U.S. Magistrate Judge Paul Grewal, Northern District of California (Jason Doiy / The Recorder)
SAN FRANCISCO — As it approaches trial in San Jose federal court, a suit over Apple technology that slices up streams of video data may itself be suffering death from a thousand cuts.
Tel Aviv-based Emblaze Ltd. has sued Apple Inc. over its HTTP Live Streaming technology, which Apple uses to improve audio and video streaming in iPhones, iPads and other mobile devices. U.S. Magistrate Judge Paul Grewal, who is presiding over the case, has compared the technology to the Veg-o-Matic once touted on late-night TV for slicing and dicing. “But rather than carrots or celery, this contraption chops up streams of data for upload and download,” the judge wrote in an order earlier this year.
The U.S. Supreme Court cut into a big chunk of Emblaze’s claims with its June 2 ruling on induced infringement in Limelight Networks v. Akamai Technologies. And on Wednesday, Grewal pared Emblaze’s theory of damages, excluding evidence of licenses or license demands from Apple’s litigation with Motorola and Samsung. Emblaze will, however, be allowed to admit publicly available information about standards-essential licenses on video compression technology.
Grewal also granted Apple’s request to prevent what it calls “Apple bashing” by Emblaze expert Catherine Lawton, including her contention that Apple has “turned into paranoid security Nazis.”
“This is an easy call,” Grewal wrote. “Lawton will not be permitted to engage in such emotional appeals.”
The Supreme Court ruled in Limelight that all steps in infringement of a method claim must be attributable to a single party. Because third parties typically provide the video content that is streamed on Apple devices, Emblaze conceded eight of its 12 method claims. But it argued that the remaining four should go before a jury, because expert witness Vijay Madisetti had offered “parallel analyses” of those claims, one that would survive Limelight and one that may not.
Grewal agreed, though he didn’t sound enthused about Emblaze’s chances on these claims. “Perhaps this hedging will expose Madisetti in cross examination. But that is Emblaze’s problem, not Apple’s,” he wrote in a June 18 order. “In any event, Apple can examine his theories and the jury can assess whether they credit his opinion.”

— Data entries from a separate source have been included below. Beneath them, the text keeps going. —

lemma order_type_row_order_type:
  assumes "s \<le> length xs + length R + length ys"
  shows "order_type_row (order_type (d # xs @ R @ ys)) s (length xs) (length R)
    = map (cmp_of ((d # xs @ R @ ys) ! s)) R"
proof (rule nth_equalityI)
  fix j
  assume "j < length (order_type_row (order_type (d # xs @ R @ ys)) s (length xs) (length R))"
  then have j: "j < length R"
    by (simp add: order_type_row_def)
  with assms show "order_type_row (order_type (d # xs @ R @ ys)) s (length xs) (length R) ! j
      = map (cmp_of ((d # xs @ R @ ys) ! s)) R ! j"
    using nth_Cons_append_middle[OF j, of d xs ys]
    by (simp add: order_type_row_def del: nth_Cons_Suc)
qed (simp add: order_type_row_def)

fun concat_config ::
  "nat \<Rightarrow> nat \<Rightarrow> ('q1 \<times> 'q2) \<times> 'd list \<Rightarrow> ('q1 \<times> 'd list) \<times> ('q2 \<times> 'd list) \<Rightarrow> bool" where
  "concat_config k1 k2 (q, R) ((q1, R1), (q2, R2)) \<longleftrightarrow>
     q = (q1, q2) \<and> R = R1 @ R2 \<and> length R1 = k1 \<and> length R2 = k2"

lemma step_run_crm_concat_config:
  assumes step_iff: "\<And>q1 q2 R1 R2 x y q1' q2' R'. length R1 = k1 \<Longrightarrow> length R2 = k2 \<Longrightarrow>
      crm_step M ((q1, q2), R1 @ R2) x y ((q1', q2'), R') \<longleftrightarrow>
      (\<exists>R1' R2'. R' = R1' @ R2' \<and> step ((q1, R1), (q2, R2)) x y ((q1', R1'), (q2', R2')))"
    and step_length: "\<And>C x y q1' R1' q2' R2'. step C x y ((q1', R1'), (q2', R2')) \<Longrightarrow>
      length R1' = k1 \<and> length R2' = k2"
    and len: "length R1 = k1" "length R2 = k2"
  shows "step_run (crm_step M) ((q1, q2), R1 @ R2) s t \<longleftrightarrow> step_run step ((q1, R1), (q2, R2)) s t"
proof (rule step_run_bisim[where rel = "concat_config k1 k2"])
  fix c C x y c'
  assume rel: "concat_config k1 k2 c C" and step: "crm_step M c x y c'"
  obtain q1 R1 q2 R2 q1' q2' R' where eqs: "C = ((q1, R1), (q2, R2))" "c' = ((q1', q2'), R')"
    by (metis prod.exhaust)
  have c: "c = ((q1, q2), R1 @ R2)" and lens: "length R1 = k1" "length R2 = k2"
    using rel eqs by (cases c, auto)+
  obtain R1' R2' where "R' = R1' @ R2'" "step C x y ((q1', R1'), (q2', R2'))"
    using step unfolding c eqs step_iff[OF lens] by blast
  with step_length show "\<exists>C'. step C x y C' \<and> concat_config k1 k2 c' C'"
    unfolding eqs by (intro exI[of _ "((q1', R1'), (q2', R2'))"]) simp
next
  fix c C x y C'
  assume rel: "concat_config k1 k2 c C" and step: "step C x y C'"
  obtain q1 R1 q2 R2 q1' R1' q2' R2' where eqs: "C = ((q1, R1), (q2, R2))" "C' = ((q1', R1'), (q2', R2'))"
    by (metis prod.exhaust)
  have c: "c = ((q1, q2), R1 @ R2)" and lens: "length R1 = k1" "length R2 = k2"
    using rel eqs by (cases c, auto)+
  have "crm_step M c x y ((q1', q2'), R1' @ R2')"
    using step unfolding c eqs step_iff[OF lens] by blast
  with step_length step show "\<exists>c'. crm_step M c x y c' \<and> concat_config k1 k2 c' C'"
    unfolding eqs by (intro exI[of _ "((q1', q2'), R1' @ R2')"]) simp
next
  show "concat_config k1 k2 ((q1, q2), R1 @ R2) ((q1, R1), (q2, R2))"
    using len by simp
qed

text \<open>The outputs agree iff their two sources hold equal values.\<close>

definition crm_Int :: "('a, 'b, 'd) srt \<Rightarrow> ('a, 'b, 'd) srt \<Rightarrow> (nat \<times> nat, 'a, 'b, 'd) crm" where
  "crm_Int S1 S2 = \<lparr>crm_states = states S1 \<times> states S2,
     crm_init = (init_state S1, init_state S2), crm_nregs = nregs S1 + nregs S2,
     crm_init_regs = init_regs S1 @ init_regs S2,
     crm_delta = (\<lambda>(q1, q2) \<sigma> T.
       case (srt_lookup S1 q1 \<sigma> (order_type_row T 0 0 (nregs S1)),
             srt_lookup S2 q2 \<sigma> (order_type_row T 0 (nregs S1) (nregs S2))) of
         (Some (m1, u1, \<gamma>1, q1'), Some (m2, u2, \<gamma>2, q2')) \<Rightarrow>
           let f1 = upd_sources m1 0 0; f2 = upd_sources m2 0 (nregs S1) in
           if \<gamma>1 = \<gamma>2 \<and> T ! (f1 ! u1) ! (f2 ! u2) = CEq
           then Some ((q1', q2'), \<gamma>1, f1 @ f2, f1 ! u1) else None
       | _ \<Rightarrow> None)\<rparr>"

lemma crm_Int_simps [simp]:
  "crm_states (crm_Int S1 S2) = states S1 \<times> states S2"
  "crm_init (crm_Int S1 S2) = (init_state S1, init_state S2)"
  "crm_nregs (crm_Int S1 S2) = nregs S1 + nregs S2"
  "crm_init_regs (crm_Int S1 S2) = init_regs S1 @ init_regs S2"
  by (simp_all add: crm_Int_def)

text \<open>The intermediate value is never stored: \<open>S2\<close> compares and copies it from the source \<open>v\<close>
of the output of \<open>S1\<close>.\<close>

definition crm_cascade :: "('a, 'b, 'd) srt \<Rightarrow> ('b, 'c, 'd) srt \<Rightarrow> (nat \<times> nat, 'a, 'c, 'd) crm" where
  "crm_cascade S1 S2 = \<lparr>crm_states = states S1 \<times> states S2,
     crm_init = (init_state S1, init_state S2), crm_nregs = nregs S1 + nregs S2,
     crm_init_regs = init_regs S1 @ init_regs S2,
     crm_delta = (\<lambda>(q1, q2) \<sigma> T.
       case srt_lookup S1 q1 \<sigma> (order_type_row T 0 0 (nregs S1)) of
         None \<Rightarrow> None
       | Some (m1, u1, \<gamma>, q1') \<Rightarrow>
           let f1 = upd_sources m1 0 0; v = f1 ! u1 in
           (case srt_lookup S2 q2 \<gamma> (order_type_row T v (nregs S1) (nregs S2)) of
              None \<Rightarrow> None
            | Some (m2, u2, \<theta>, q2') \<Rightarrow>
                let f2 = upd_sources m2 v (nregs S1) in
                Some ((q1', q2'), \<theta>, f1 @ f2, f2 ! u2)))\<rparr>"

lemma crm_cascade_simps [simp]:
  "crm_states (crm_cascade S1 S2) = states S1 \<times> states S2"
  "crm_init (crm_cascade S1 S2) = (init_state S1, init_state S2)"
  "crm_nregs (crm_cascade S1 S2) = nregs S1 + nregs S2"
  "crm_init_regs (crm_cascade S1 S2) = init_regs S1 @ init_regs S2"
  by (simp_all add: crm_cascade_def)

lemma srt_transition_sources:
  assumes "srt_wf S" "srt_add_free S" "(q, \<sigma>, l, m, u, \<gamma>, q') \<in> transitions S"
    and "length R = nregs S"
  shows "map ((!) (d # xs @ R @ ys)) (upd_sources m s (length xs))
      = regs_update m ((d # xs @ R @ ys) ! s) R"
    and "(d # xs @ R @ ys) ! (upd_sources m s (length xs) ! u)
      = regs_update m ((d # xs @ R @ ys) ! s) R ! u"
    and "s \<le> length xs + length R \<Longrightarrow> upd_sources m s (length xs) ! u \<le> length xs + length R"
proof -
  have m: "set m \<subseteq> {UOld, UNew}" "length m = length R" "u < length m"
    using srt_transitionD[OF assms(1-3)] assms(4) by auto
  show map_eq: "map ((!) (d # xs @ R @ ys)) (upd_sources m s (length xs))
      = regs_update m ((d # xs @ R @ ys) ! s) R"
    using map_nth_upd_sources[OF m(1,2)] .
  show "(d # xs @ R @ ys) ! (upd_sources m s (length xs) ! u)
      = regs_update m ((d # xs @ R @ ys) ! s) R ! u"
    using map_eq nth_map[of u "upd_sources m s (length xs)" "(!) (d # xs @ R @ ys)"] m(3)
    by (simp add: upd_sources_def)
  show "s \<le> length xs + length R \<Longrightarrow> upd_sources m s (length xs) ! u \<le> length xs + length R"
    using m(2,3) by (simp add: upd_sources_def)
qed

context
  fixes S1 S2 :: "('a, 'b, 'd::{linorder, group_add}) srt"
  assumes S1: "srt_wf S1" "srt_deterministic S1" "srt_add_free S1"
    and S2: "srt_wf S2" "srt_deterministic S2" "srt_add_free S2"
begin

lemma crm_delta_crm_Int_eq_Some_iff:
  assumes len: "length R1 = nregs S1" "length R2 = nregs S2"
  shows "crm_delta (crm_Int S1 S2) (q1, q2) \<sigma> (order_type (d # R1 @ R2)) = Some (q', \<gamma>, f, out) \<longleftrightarrow>
    (\<exists>m1 u1 q1' m2 u2 q2'. (q1, \<sigma>, map (cmp_of d) R1, m1, u1, \<gamma>, q1') \<in> transitions S1
       \<and> (q2, \<sigma>, map (cmp_of d) R2, m2, u2, \<gamma>, q2') \<in> transitions S2
       \<and> regs_update m1 d R1 ! u1 = regs_update m2 d R2 ! u2
       \<and> q' = (q1', q2') \<and> f = upd_sources m1 0 0 @ upd_sources m2 0 (nregs S1)
       \<and> out = upd_sources m1 0 0 ! u1)" (is "?lhs \<longleftrightarrow> ?rhs")
proof -
  let ?vs = "d # R1 @ R2"
  have rows: "order_type_row (order_type ?vs) 0 0 (nregs S1) = map (cmp_of d) R1"
    "order_type_row (order_type ?vs) 0 (nregs S1) (nregs S2) = map (cmp_of d) R2"
    using order_type_row_order_type[of 0 "[]" R1 R2 d] order_type_row_order_type[of 0 R1 R2 "[]" d] len
    by simp_all
  have out_eq: "order_type ?vs ! (upd_sources m1 0 0 ! u1) ! (upd_sources m2 0 (nregs S1) ! u2) = CEq
      \<longleftrightarrow> regs_update m1 d R1 ! u1 = regs_update m2 d R2 ! u2"
    if "(q1, \<sigma>, l1, m1, u1, \<gamma>1, q1') \<in> transitions S1" "(q2, \<sigma>, l2, m2, u2, \<gamma>2, q2') \<in> transitions S2"
    for l1 m1 u1 \<gamma>1 q1' l2 m2 u2 \<gamma>2 q2'
  proof -
    have "?vs ! (upd_sources m1 0 0 ! u1) = regs_update m1 d R1 ! u1"
      "upd_sources m1 0 0 ! u1 \<le> nregs S1 + nregs S2"
      using srt_transition_sources(2)[OF S1(1,3) that(1) len(1), of d "[]" R2 0]
        srt_transition_sources(3)[OF S1(1,3) that(1) len(1), of 0 "[]"] len by simp_all
    moreover have "?vs ! (upd_sources m2 0 (nregs S1) ! u2) = regs_update m2 d R2 ! u2"
      "upd_sources m2 0 (nregs S1) ! u2 \<le> nregs S1 + nregs S2"
      using srt_transition_sources(2)[OF S2(1,3) that(2) len(2), of d R1 "[]" 0]
        srt_transition_sources(3)[OF S2(1,3) that(2) len(2), of 0 R1] len by simp_all
    ultimately show ?thesis
      using len by (simp del: nth_Cons_Suc)
  qed
  show ?thesis
  proof
    assume delta: ?lhs
    obtain m1 u1 \<gamma>1 q1' m2 u2 \<gamma>2 q2' where
      lookup: "srt_lookup S1 q1 \<sigma> (map (cmp_of d) R1) = Some (m1, u1, \<gamma>1, q1')"
        "srt_lookup S2 q2 \<sigma> (map (cmp_of d) R2) = Some (m2, u2, \<gamma>2, q2')"
      using delta unfolding crm_Int_def by (auto simp: rows split: option.splits)
    then have tr: "(q1, \<sigma>, map (cmp_of d) R1, m1, u1, \<gamma>1, q1') \<in> transitions S1"
      "(q2, \<sigma>, map (cmp_of d) R2, m2, u2, \<gamma>2, q2') \<in> transitions S2"
      by (simp_all add: srt_lookup_eq_Some_iff S1(2) S2(2))
    moreover have "\<gamma>1 = \<gamma> \<and> \<gamma>2 = \<gamma> \<and> regs_update m1 d R1 ! u1 = regs_update m2 d R2 ! u2
        \<and> q' = (q1', q2') \<and> f = upd_sources m1 0 0 @ upd_sources m2 0 (nregs S1)
        \<and> out = upd_sources m1 0 0 ! u1"
      using delta lookup unfolding crm_Int_def by (auto simp: rows Let_def out_eq[OF tr] split: if_splits)
    ultimately show ?rhs
      by blast
  next
    assume ?rhs
    then obtain m1 u1 q1' m2 u2 q2' where
      tr1: "(q1, \<sigma>, map (cmp_of d) R1, m1, u1, \<gamma>, q1') \<in> transitions S1" and
      tr2: "(q2, \<sigma>, map (cmp_of d) R2, m2, u2, \<gamma>, q2') \<in> transitions S2" and
      "regs_update m1 d R1 ! u1 = regs_update m2 d R2 ! u2" "q' = (q1', q2')"
        "f = upd_sources m1 0 0 @ upd_sources m2 0 (nregs S1)" "out = upd_sources m1 0 0 ! u1"
      by blast
    moreover have "srt_lookup S1 q1 \<sigma> (map (cmp_of d) R1) = Some (m1, u1, \<gamma>, q1')"
      "srt_lookup S2 q2 \<sigma> (map (cmp_of d) R2) = Some (m2, u2, \<gamma>, q2')"
      using tr1 tr2 by (simp_all add: srt_lookup_eq_Some_iff S1(2) S2(2))
    ultimately show ?lhs
      unfolding crm_Int_def using out_eq[OF tr1 tr2] by (simp add: rows Let_def)
  qed
qed

lemma crm_step_crm_Int_iff:
  assumes len: "length R1 = nregs S1" "length R2 = nregs S2"
  shows "crm_step (crm_Int S1 S2) ((q1, q2), R1 @ R2) (\<sigma>, d) (\<gamma>, e) ((q1', q2'), R') \<longleftrightarrow>
    (\<exists>R1' R2'. R' = R1' @ R2' \<and> srt_step S1 (q1, R1) (\<sigma>, d) (\<gamma>, e) (q1', R1')
       \<and> srt_step S2 (q2, R2) (\<sigma>, d) (\<gamma>, e) (q2', R2'))" (is "?lhs \<longleftrightarrow> ?rhs")
proof -
  have sources: "map ((!) (d # R1 @ R2)) (upd_sources m1 0 0 @ upd_sources m2 0 (nregs S1))
        = regs_update m1 d R1 @ regs_update m2 d R2
      \<and> (d # R1 @ R2) ! (upd_sources m1 0 0 ! u1) = regs_update m1 d R1 ! u1"
    if "(q1, \<sigma>, l1, m1, u1, \<gamma>1, q1'') \<in> transitions S1" "(q2, \<sigma>, l2, m2, u2, \<gamma>2, q2'') \<in> transitions S2"
    for l1 m1 u1 \<gamma>1 q1'' l2 m2 u2 \<gamma>2 q2''
    using srt_transition_sources(1,2)[OF S1(1,3) that(1) len(1), of d "[]" R2 0]
      srt_transition_sources(1)[OF S2(1,3) that(2) len(2), of d R1 "[]" 0] len
    by simp
  show ?thesis
  proof
    assume ?lhs
    then obtain m1 u1 m2 u2 where
      tr1: "(q1, \<sigma>, map (cmp_of d) R1, m1, u1, \<gamma>, q1') \<in> transitions S1" and
      tr2: "(q2, \<sigma>, map (cmp_of d) R2, m2, u2, \<gamma>, q2') \<in> transitions S2" and
      "regs_update m1 d R1 ! u1 = regs_update m2 d R2 ! u2"
      "R' = map ((!) (d # R1 @ R2)) (upd_sources m1 0 0 @ upd_sources m2 0 (nregs S1))"
      "e = (d # R1 @ R2) ! (upd_sources m1 0 0 ! u1)"
      using len by (auto simp: crm_delta_crm_Int_eq_Some_iff)
    then have "R' = regs_update m1 d R1 @ regs_update m2 d R2"
      and e: "e = regs_update m1 d R1 ! u1" "e = regs_update m2 d R2 ! u2"
      using sources[OF tr1 tr2] by simp_all
    moreover have "srt_step S1 (q1, R1) (\<sigma>, d) (\<gamma>, e) (q1', regs_update m1 d R1)"
      using tr1 e(1) len(1) by (auto simp: srt_step_iff S1(1))
    moreover have "srt_step S2 (q2, R2) (\<sigma>, d) (\<gamma>, e) (q2', regs_update m2 d R2)"
      using tr2 e(2) len(2) by (auto simp: srt_step_iff S2(1))
    ultimately show ?rhs
      by blast
  next
    assume ?rhs
    then obtain m1 u1 m2 u2 where
      tr1: "(q1, \<sigma>, map (cmp_of d) R1, m1, u1, \<gamma>, q1') \<in> transitions S1" and
      tr2: "(q2, \<sigma>, map (cmp_of d) R2, m2, u2, \<gamma>, q2') \<in> transitions S2" and
      R': "R' = regs_update m1 d R1 @ regs_update m2 d R2" and
      e: "e = regs_update m1 d R1 ! u1" "e = regs_update m2 d R2 ! u2"
      using len by (auto simp: srt_step_iff S1(1) S2(1))
    have "crm_delta (crm_Int S1 S2) (q1, q2) \<sigma> (order_type (d # R1 @ R2))
        = Some ((q1', q2'), \<gamma>, upd_sources m1 0 0 @ upd_sources m2 0 (nregs S1), upd_sources m1 0 0 ! u1)"
      unfolding crm_delta_crm_Int_eq_Some_iff[OF len] using tr1 tr2 e by blast
    then show ?lhs
      using sources[OF tr1 tr2] R' e len by simp
  qed
qed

Emblaze also has been advancing 10 apparatus claims that are not affected by Limelight. The company, which is represented by Cozen O’Connor, Davis Wright Tremaine and two other firms, is scheduled to present a narrowed set of claims Thursday, with trial set to begin Friday.
Apple is represented primarily by DLA Piper and Greenberg Traurig.
Grewal’s order on damages Wednesday had something for both sides. Lawton will be allowed to construct a hypothetical negotiation based on all of the Apple products that infringe Emblaze’s patent, not just those products that directly infringe.
On the other hand, Grewal forbade Lawton from referring to Apple’s gross profit margins following the introduction of HTTP Live Streaming as a “starting point” for the negotiation. That, the judge said, is “plainly and nothing more than a big number used to justify a small number.”